Indeed, it’s not unusual for me to wake up shouting: “Bah, humbug, don’t tell him your name, Mole, someone’s shining a light on that island, they shall not pass, shut up, ya wookie galoot!”

The days all go downhill after that. It’s the worst part of life really: being awake and conscious. So, let us all pray for more sleep in 2021. G’night, all.

Mingin’ in the Rain

I’M drawn to rainy places. But even I must admit that, day after day, dreich drips dropping from dull grey skies get you doon.

Where I live, if you’ve outdoor tasks to perform, you must drop any other activities as soon as there’s a break in the drizzle, and get yourself oot there.

That said, and while I don’t want to sound a controversial note, I’d rather an excess of rain than none at all. Some places are so dry folk cannot grow a tattie. That is monstrous.

During a seemingly endless sunny spell last spring, I longed for a splash of rain. I’m also a creature of wind – I speak, madam, of matters meteorological – so that it’s as well I live in Scotia.

I do not, however, live in Brigadoon, so it was unsurprising to learn that makers of the film by that name decided Scotland was too wet when looking for a location. A bit ironic, as our report pointed out, as star Gene Kelly’s biggest hit was Singin’ in the Rain.

The ethereal highland village only appears for one day every 100 years. And it would be cruel, if on that one blessed day, it was teeming doon in Brigadoon.

BBC now fine by me

I AM conflicted. I might even say I am penitent.

Surprisingly able to watch the Scottish Cup Final last Sunday, and after exchanging post-match observations with friends online, I kept the BBC channel on – something I never normally do – and found myself watching Countryfile and Antiques Roadshow, which I hadn’t seen (perhaps appropriately) for years.

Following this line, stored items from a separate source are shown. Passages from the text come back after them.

(* Let $F_1,F_2:[0,1]\to[0,1]$ be homeomorphisms and let $0<a<1$ be such that $0,a,1$ are fixed points of both $F_1$ and $F_2$, and $F_1(t)>t$ and $F_2(t)>t$ for all $t\in[0,1]\setminus\{0,a,1\}$. Let $f_1,f_2:S^1\to S^1$ be the homeomorphisms of the circle induced by $F_1,F_2$ (via the identification $S^1=[0,1]/(0\sim1)$). Then the iterated function system $\mathcal{F}=\{S^1; f_\lambda\mid \lambda\in\{1,2\}\}$ does not have the average shadowing property.
   Context: The circle $S^1$ is identified with $[0,1)$ via the covering projection $\pi:\mathbb{R}\to S^1$, $\pi(x)=x \bmod 1$, and carries the metric $d$ induced by the usual distance on the real line (arc-length distance). An iterated function system (IFS) $\mathcal{F}=\{X; f_{\lambda}\mid\lambda\in\Lambda\}$ on a metric space $(X,d)$ is a family of continuous maps $f_\lambda:X\to X$ indexed by a finite nonempty set $\Lambda$. For $\sigma=(\lambda_0,\lambda_1,\dots)\in\Lambda^{\mathbb{Z}_+}$ write $\mathcal{F}_{\sigma_n}=f_{\lambda_{n-1}}\circ\cdots\circ f_{\lambda_0}$ for $n\ge1$ and $\mathcal{F}_{\sigma_0}=\mathrm{id}_X$. For $\delta>0$, a sequence $(x_i)_{i\ge0}$ in $X$ is a $\delta$-average pseudo-orbit of $\mathcal{F}$ if there exist a natural number $N$ and $\sigma=(\lambda_0,\lambda_1,\dots)\in\Lambda^{\mathbb{Z}_+}$ such that for all $n\ge N$, $\frac1n\sum_{i=0}^{n-1}d(f_{\lambda_i}(x_i),x_{i+1})<\delta$. A sequence $(x_i)_{i\ge0}$ is $\epsilon$-shadowed in average by $z\in X$ if there exists $\sigma\in\Lambda^{\mathbb{Z}_+}$ with $\limsup_{n\to\infty}\frac1n\sum_{i=0}^{n-1}d(\mathcal{F}_{\sigma_i}(z),x_i)<\epsilon$. $\mathcal{F}$ has the average shadowing property if for every $\epsilon>0$ there is $\delta>0$ such that every $\delta$-average pseudo-orbit of $\mathcal{F}$ is $\epsilon$-shadowed in average by some point of $X$. *)

theory Defs
  imports "HOL-Analysis.Analysis" "HOL-Library.Liminf_Limsup"
begin

primrec IFS_iter :: "('l \<Rightarrow> 'a \<Rightarrow> 'a) \<Rightarrow> (nat \<Rightarrow> 'l) \<Rightarrow> nat \<Rightarrow> 'a \<Rightarrow> 'a" where
  "IFS_iter f \<sigma> 0 z = z"
| "IFS_iter f \<sigma> (Suc n) z = f (\<sigma> n) (IFS_iter f \<sigma> n z)"

definition avg_pseudo_orbit ::
  "'a set \<Rightarrow> ('a \<Rightarrow> 'a \<Rightarrow> real) \<Rightarrow> 'l set \<Rightarrow> ('l \<Rightarrow> 'a \<Rightarrow> 'a) \<Rightarrow> real \<Rightarrow> (nat \<Rightarrow> 'a) \<Rightarrow> bool" where
  "avg_pseudo_orbit X d L f \<delta> xs \<longleftrightarrow>
     (\<forall>i. xs i \<in> X) \<and>
     (\<exists>N::nat. \<exists>\<sigma>::nat \<Rightarrow> 'l. (\<forall>i. \<sigma> i \<in> L) \<and>
        (\<forall>n\<ge>N. (1 / real n) * (\<Sum>i<n. d (f (\<sigma> i) (xs i)) (xs (Suc i))) < \<delta>))"

definition avg_shadowed ::
  "'a set \<Rightarrow> ('a \<Rightarrow> 'a \<Rightarrow> real) \<Rightarrow> 'l set \<Rightarrow> ('l \<Rightarrow> 'a \<Rightarrow> 'a) \<Rightarrow> real \<Rightarrow> (nat \<Rightarrow> 'a) \<Rightarrow> 'a \<Rightarrow> bool" where
  "avg_shadowed X d L f \<epsilon> xs z \<longleftrightarrow>
     (\<exists>\<sigma>::nat \<Rightarrow> 'l. (\<forall>i. \<sigma> i \<in> L) \<and>
        limsup (\<lambda>n. ereal ((1 / real n) * (\<Sum>i<n. d (IFS_iter f \<sigma> i z) (xs i)))) < ereal \<epsilon>)"

definition has_avg_shadowing ::
  "'a set \<Rightarrow> ('a \<Rightarrow> 'a \<Rightarrow> real) \<Rightarrow> 'l set \<Rightarrow> ('l \<Rightarrow> 'a \<Rightarrow> 'a) \<Rightarrow> bool" where
  "has_avg_shadowing X d L f \<longleftrightarrow>
     (\<forall>\<epsilon>>0. \<exists>\<delta>>0. \<forall>xs. avg_pseudo_orbit X d L f \<delta> xs \<longrightarrow>
        (\<exists>z\<in>X. avg_shadowed X d L f \<epsilon> xs z))"

text \<open>The circle S^1 is identified with [0,1) with the arc-length metric.\<close>

definition S1 :: "real set" where
  "S1 = {0..<1}"

definition circle_dist :: "real \<Rightarrow> real \<Rightarrow> real" where
  "circle_dist x y = min \<bar>x - y\<bar> (1 - \<bar>x - y\<bar>)"

text \<open>The circle map induced by F : [0,1] -> [0,1] via S^1 = [0,1]/(0~1):
  a point x of [0,1) is sent to F x taken mod 1 (so the value 1 is identified with 0).\<close>

definition circle_map :: "(real \<Rightarrow> real) \<Rightarrow> real \<Rightarrow> real" where
  "circle_map F x = frac (F x)"

end

theory Submission
  imports Defs
begin

text \<open>Between consecutive fixed points every orbit of the IFS is increasing, so every orbit
  converges to one of the two points 0 = 1 and a of the circle. The pseudo-orbit that rests
  M steps at 0, then M steps at a, and so on, makes only one jump of size
  D = d(0, a) every M steps; hence it is a \<delta>-average pseudo-orbit once D / M < \<delta>. But any
  orbit ends up near a single one of the two points, so its average distance from this
  pseudo-orbit is asymptotically at least D / 2, and no orbit shadows it within D / 4.\<close>

lemma circle_dist_commute: "circle_dist x y = circle_dist y x"
  unfolding circle_dist_def by (simp add: abs_minus_commute)

lemma circle_dist_self [simp]: "circle_dist x x = 0"
  unfolding circle_dist_def by simp

lemma circle_dist_nonneg: "x \<in> S1 \<Longrightarrow> y \<in> S1 \<Longrightarrow> 0 \<le> circle_dist x y"
  unfolding circle_dist_def S1_def by auto
theorem lemma10:
  fixes B k :: real
  assumes "k \<ge> 1" and "B > 0" and "B \<noteq> 2"
  shows "\<exists>p \<in> {0..1} \<times> {0..1}.
           F B k p = p \<and>
           (\<forall>q \<in> {0..1} \<times> {0..1}. F B k q = q \<longrightarrow> q = p) \<and>
           (B < 2 \<longrightarrow> p = (1/2, 1/2)) \<and>
           (B > 2 \<longrightarrow> p \<in> {1/2<..<1} \<times> {1/2<..<1} \<and> fp_eqs B k p \<and>
              (\<forall>q \<in> {1/2<..<1} \<times> {1/2<..<1}. fp_eqs B k q \<longrightarrow> q = p)) \<and>
           (\<forall>a \<in> {0..1} \<times> {0..1}. (\<lambda>t. (F B k ^^ t) a) \<longlonglongrightarrow> p)"
proof -
  have k: "0 < k" using assms(1) by simp
  obtain p where p: "p \<in> {0..1} \<times> {0..1}" "F B k p = p"
    and conv: "\<And>a. a \<in> {0..1} \<times> {0..1} \<Longrightarrow> (\<lambda>t. (F B k ^^ t) a) \<longlonglongrightarrow> p"
    using F_iterates_tendsto_fixed_point[OF k assms(2)] by blast
  have unique: "q = p" if "q \<in> {0..1} \<times> {0..1}" "F B k q = q" for q
    using F_fixed_point_unique[OF k assms(2) that p] .
  have half: "F B k (1/2, 1/2) = (1/2, 1/2) \<longleftrightarrow> B \<le> 2" by (rule F_half_fixed_iff[OF k])
  have small: "p = (1/2, 1/2)" if "B < 2" using half unique[of "(1/2, 1/2)"] that by simp
  have large: "p \<in> {1/2<..<1} \<times> {1/2<..<1} \<and> fp_eqs B k p" if "B > 2"
  proof -
    have "p \<noteq> (1/2, 1/2)" using half p(2) that by auto
    then show ?thesis using F_fixed_point_cases[OF k p] by blast
  qed
  have large_unique: "q = p" if "B > 2" "q \<in> {1/2<..<1} \<times> {1/2<..<1}" "fp_eqs B k q" for q
    using large[OF that(1)] fp_eqs_unique[OF k assms(2) that(2,3)] by blast
  show ?thesis
  proof (intro bexI[of _ p] conjI ballI impI)
    show "p \<in> {0..1} \<times> {0..1}" "F B k p = p" by (fact p)+
  qed (simp_all add: unique small large large_unique conv)
qed

end
(* For every integer $n\geq2$, the $V^{n}$-move is not an unknotting operation on welded knots; that is, there is a welded knot (for instance the trefoil knot) which is not $V^{n}$-equivalent to the unknot.
   Context: A virtual link diagram is the image of an immersion of finitely many ordered, oriented circles in the plane with transverse double points, each a classical crossing (with over/under information) or a virtual crossing. Welded Reidemeister moves are R1–R3, the virtual moves VR1–VR4, and the OC move (a strand passing over two strands at classical crossings may slide across a virtual crossing of those two strands); a welded knot is an equivalence class of one-component diagrams under these moves. The $V^{n}$-move: inside a disk the diagram consists of two arcs $a,b$ oriented in the same direction; on one side they are parallel without crossings; on the other side the tangle is the $2$-braid word $(\sigma\tau)^{n}$, where $\sigma$ is a classical crossing with $b$ over $a$ and $\tau$ a virtual crossing (so $n$ classical crossings, all with $b$ over and of the same sign, alternating with $n$ virtual crossings). Two welded knots are $V^{n}$-equivalent if diagrams are related by $V^n$-moves and welded Reidemeister moves. A local move is an unknotting operation on welded knots if every welded knot is equivalent to the unknot under that move and welded Reidemeister moves. *)

theory Defs
  imports Main "HOL-Library.Multiset"
begin

text \<open>A one-component virtual knot diagram modulo the virtual moves VR1--VR4 is
encoded by its (signed) Gauss code: reading along the oriented circle from a base
point, each classical crossing is met twice, once as over-passage (O) and once as
under-passage (U); each letter carries the crossing label and the crossing sign
(True = positive).  Virtual crossings leave no trace.  Rotation of the word
(changing the base point) and renaming labels are identities of diagrams.\<close>

datatype letter = Over nat bool | Under nat bool

fun lbl :: "letter \<Rightarrow> nat" where
  "lbl (Over c e) = c" | "lbl (Under c e) = c"

definition labels :: "letter list \<Rightarrow> nat set" where
  "labels xs = lbl ` set xs"

fun relabel :: "(nat \<Rightarrow> nat) \<Rightarrow> letter \<Rightarrow> letter" where
  "relabel f (Over c e) = Over (f c) e" | "relabel f (Under c e) = Under (f c) e"

definition gauss_wf :: "letter list \<Rightarrow> bool" where
  "gauss_wf K \<longleftrightarrow> (\<forall>c \<in> labels K.
      length (filter (\<lambda>l. \<exists>e. l = Over c e) K) = 1 \<and>
      length (filter (\<lambda>l. \<exists>e. l = Under c e) K) = 1 \<and>
      (\<forall>e e'. Over c e \<in> set K \<longrightarrow> Under c e' \<in> set K \<longrightarrow> e = e'))"

text \<open>Inserting the contents of two disjoint small arcs of the circle (given in
either order along the knot; the arcs may lie in the same gap).\<close>
definition ins2 :: "letter list \<Rightarrow> letter list \<Rightarrow> letter list \<Rightarrow> letter list \<Rightarrow> bool" where
  "ins2 xs s1 s2 ys \<longleftrightarrow> (\<exists>u v w. xs = u @ v @ w \<and>
      (ys = u @ s1 @ v @ s2 @ w \<or> ys = u @ s2 @ v @ s1 @ w))"

definition rot_step :: "letter list \<Rightarrow> letter list \<Rightarrow> bool" where
  "rot_step xs ys \<longleftrightarrow> ys = rotate1 xs"

definition relabel_step :: "letter list \<Rightarrow> letter list \<Rightarrow> bool" where
  "relabel_step xs ys \<longleftrightarrow> (\<exists>f. inj f \<and> ys = map (relabel f) xs)"

text \<open>R1: creation of a kink (a crossing whose two passages are adjacent), any
order, any sign.\<close>
definition R1_step :: "letter list \<Rightarrow> letter list \<Rightarrow> bool" where
  "R1_step xs ys \<longleftrightarrow> (\<exists>u v c e. xs = u @ v \<and> c \<notin> labels xs \<and>
      (ys = u @ [Over c e, Under c e] @ v \<or> ys = u @ [Under c e, Over c e] @ v))"
(* Let $\Omega\subset\mathbb R^2$ be a bounded domain and let $u\in C^{2,1}(\bar\Omega\times[0,\infty))$ satisfy $E_2[u]:=-u_t\,\Delta u+\det u_{xx}>0$ on $\bar\Omega\times[0,\infty)$. Let $\mathbf u\in C^2(\bar\Omega)$ be strictly convex on $\bar\Omega$ (i.e. $\mathbf u_{xx}(x)$ is positive definite for every $x\in\bar\Omega$). Assume that there is a point $x_0\in\Omega$ with $\Delta u(x_0,0)>0$, that $\sup_{x\in\partial\Omega}|u(x,t)-\mathbf u(x)|\to0$ as $t\to\infty$, and that $\sup_{x\in\bar\Omega}|E_2[u](x,t)-\det\mathbf u_{xx}(x)|\to0$ as $t\to\infty$. Then $\sup_{x\in\bar\Omega}|u(x,t)-\mathbf u(x)|\to0$ as $t\to\infty$.
   Context: $u_{xx}$ denotes the Hessian matrix of $u$ in the space variables $x=(x_1,x_2)$, and $u_t$ the time derivative. $C^{2,1}$ means twice continuously differentiable in $x$ and once continuously differentiable in $t$. The limits in the hypotheses and conclusion are understood uniformly in $x$. *)

theory Defs
  imports "HOL-Analysis.Analysis"
begin

definition lap2 :: "real^2^2 \<Rightarrow> real" where
  "lap2 H = H $ 1 $ 1 + H $ 2 $ 2"

definition pos_def2 :: "real^2^2 \<Rightarrow> bool" where
  "pos_def2 H \<longleftrightarrow> (\<forall>h::real^2. h \<noteq> 0 \<longrightarrow> h \<bullet> (H *v h) > 0)"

They were excellent. It wasn’t just the quality. There was something cheering about them. Not seeing much television now, I’d forgotten there was a whole other world out there in Britain, and a decent one.

Recently, I’ve been critical of the BBC licence fee but, much more of this and I might find the £13 a month value for money.

My New Year’s resolution will be to get my telly sorted so that I can rejoin the human race. As regular readers know, I only have access to the iPlayer, and could never see any BBC One Scotland programmes on that.

However, last weekend, I found that, if I went to the dreaded “settings”, I could change the location from the default “London” to “Scotland”. It was very satisfying. If only constitutional matters were as simple.

Rumpy-pampas

THE world of rudeness continues to pass me by. Once, on another newspaper, I used a word I’d heard on the Fry and Laurie comedy TV show, and which I’d thought they’d made up, as they were wont to do.

Alas, it transpired it was a term for some bawdy, and to me unimaginable, activity involving people’s posteriors. Even now I can’t remember what it was and, thankfully, the word eludes me too.

I was informed of my faux pas in a call from a laughing editorial executive reading my copy pre-publication. After my initial mortification, it occurred to me to ask: “How could you possibly know such a thing?” I guess his lexicon was bigger than mine.

This week, I learned that pampas grass in a garden signified that the householder was into wife-swapping, as it was known back in the Seventies.

I hope I’ve not discombobulated any pampas grass owners among you who were similarly out of the loop, as it were. Turns out it was an urban myth anyway.

Still, you might like to hang a notice on yours explaining that the plant’s purpose is purely horticultural.